How to do multi node VLAN ?

[cogis]

Hello

I have a cluster with many proxmox node, and i would like to regroup virtual machines to isolated VLAN, depending on which user use the machine.
Here is a schema of my idea :




So what i would like is :
- Isolated vlan, for example vlan1 cannot connect vlan 2
- DHCP for each vlan, so i don't have to set static ip for each virtual machine

I have read this Software Defined Network docs : https://pve.proxmox.com/pve-docs/chapter-pvesdn.html
But i am lost, i dont know which solution will fit my need, the proposed example are with static IP (there is vlan, vxlan, evpn, qinq ...)

Do you have an idea to achieve this ?

Thanks a lot !

 

[aaron]

In quite a few ways. One would be to configure the VLAN tag on the Network card that you configure for each VM.
The other would be to have a vmbrXXX in each node configured that is using the dot notation on the bridge port. For example the bridge port for VLAN 3 would on a physical NIC called eno1 would be "eno1.3".

If you want to use the SDN, then you will have to create a zone with VLAN.

Also be aware that the VLAN ID 1 is the default one and cannot be set manually. That means, once you enable VLANs on your switch and other infrastructure, the VLAN ID 1 will be "assumed" if there is no VLAN configured.

 

[cogis]

I forgot to specify that our infrastructure is in a datacenter, with one physical server per node, and we dont have access to the switch.
Thanks for your answer

 

[spirit]

I forgot to specify that our infrastructure is in a datacenter, with one physical server per node, and we dont have access to the switch.
Thanks for your answer

if you want to use vlans, you need vlan support enabled on the physical switch. (and maybe vlan allowed list).

if you can't enable vlan on the physical switch, you can use vxlan zones in the sdn.


Each vlan (or vxlan), is isolated from others vlans.
if you want a dhcp, you need a dhcp server with an interface+an ip in each vlan/vxlan/subnet.

 

[cogis]

Thanks, so vxlan look like a solution

I should put the dhcp in one of the node only ?

 

[cogis]

@spirit how to set an ip range for each vxlan ? is it possible via proxmox SDN gui ?

without ip range the dhcp (on node 1) cannot listen to the interface :

No subnet declaration for vnet1 (no IPv4 addresses). ** Ignoring requests on vnet1. If this is not what you want, please write a subnet declaration in your dhcpd.conf file for the network segment to which interface vnet1 is attached. **

 

[spirit]

@spirit how to set an ip range for each vxlan ? is it possible via proxmox SDN gui ?

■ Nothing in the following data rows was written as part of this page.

lemma cond_quantile_eq_unit_quantile: "cond_quantile K \<tau> x = unit_quantile (K x) \<tau>"
  by (simp add: cond_quantile_def unit_quantile_def)

lemma unit_quantile_zero: "unit_quantile P 0 = 0"
proof -
  have "{y \<in> {0..1}. 0 \<le> measure P {0..y}} = {0..1::real}"
    by auto
  then show ?thesis
    by (simp add: unit_quantile_def)
qed

lemma unit_quantile_return:
  assumes "a \<in> {0..1}" "0 < \<tau>" "\<tau> \<le> 1"
  shows "unit_quantile (return borel a) \<tau> = a"
proof -
  have "{y \<in> {0..1}. \<tau> \<le> measure (return borel a) {0..y}} = {a..1}"
    using assms by (auto simp: measure_return indicator_def)
  then show ?thesis
    using assms by (simp add: unit_quantile_def)
qed

context unit_distribution
begin

lemma unit_quantile_cdf: "unit_quantile P \<tau> = Inf {y \<in> {0..1}. \<tau> \<le> cdf P y}"
  by (simp add: unit_quantile_def cdf_eq_measure_atLeastAtMost)

lemma unit_quantile_le_iff:
  assumes "\<tau> \<le> 1"
  shows "unit_quantile P \<tau> \<le> y \<longleftrightarrow> 0 \<le> y \<and> \<tau> \<le> cdf P y"
proof -
  define S where "S = {y \<in> {0..1}. \<tau> \<le> cdf P y}"
  define q where "q = Inf S"
  have q: "unit_quantile P \<tau> = q"
    by (simp add: q_def S_def unit_quantile_cdf)
  have "1 \<in> S"
    using assms by (simp add: S_def cdf_eq_1)
  moreover have bdd: "bdd_below S"
    by (auto simp: S_def intro: bdd_belowI[of _ 0])
  ultimately have "0 \<le> q" "q \<le> 1"
    unfolding q_def by (auto simp: S_def intro: cInf_greatest cInf_lower)
  have "\<tau> \<le> cdf P q"
  proof (rule tendsto_lowerbound)
    show "(cdf P \<longlongrightarrow> cdf P q) (at_right q)"
      using cdf_is_right_cont by (simp add: continuous_within)
    show "\<forall>\<^sub>F s in at_right q. \<tau> \<le> cdf P s"
    proof (rule eventually_at_rightI)
      fix s assume "s \<in> {q<..<q + 1}"
      then have "Inf S < s"
        by (simp add: q_def)
      then obtain s' where "s' \<in> S" "s' < s"
        using cInf_less_iff[of S s] \<open>1 \<in> S\<close> bdd by blast
      then show "\<tau> \<le> cdf P s"
        using cdf_nondecreasing[of s' s] by (auto simp: S_def)
    qed simp
  qed simp
  moreover have "y \<in> S \<Longrightarrow> q \<le> y"
    unfolding q_def using bdd by (simp add: cInf_lower)
  ultimately show ?thesis
    unfolding q using \<open>0 \<le> q\<close> \<open>q \<le> 1\<close> cdf_nondecreasing[of q y]
    by (cases "y \<le> 1") (auto simp: S_def)
qed

lemma unit_quantile_in_unit_interval:
  assumes "\<tau> \<le> 1"
  shows "unit_quantile P \<tau> \<in> {0..1}"
  using unit_quantile_le_iff[OF assms, of 1] unit_quantile_le_iff[OF assms, of "unit_quantile P \<tau>"]
    cdf_eq_1[of 1] assms by auto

without ip range the dhcp (on node 1) cannot listen to the interface :

No subnet declaration for vnet1 (no IPv4 addresses). ** Ignoring requests on vnet1. If this is not what you want, please write a subnet declaration in your dhcpd.conf file for the network segment to which interface vnet1 is attached. **

currently , only evpn zone (which use vxlan), declare an anycast ip on the vnet (the gateway of the subnet). (same vnet on each host have the same ip).
with this, you could setup an dhcp server on each host locally.
But for dynamic lease, it can be a problem (or you need to share lease file in /etc/pve or a shared storage).


With classic vxlan, you could also add an ip on a specifc host, manually, in /etc/network/interfaces

auto vnetXXX
address X.X.X.X

it'll be merged with the sdn config.



Another way could be a vm, with an interface in each vxlan.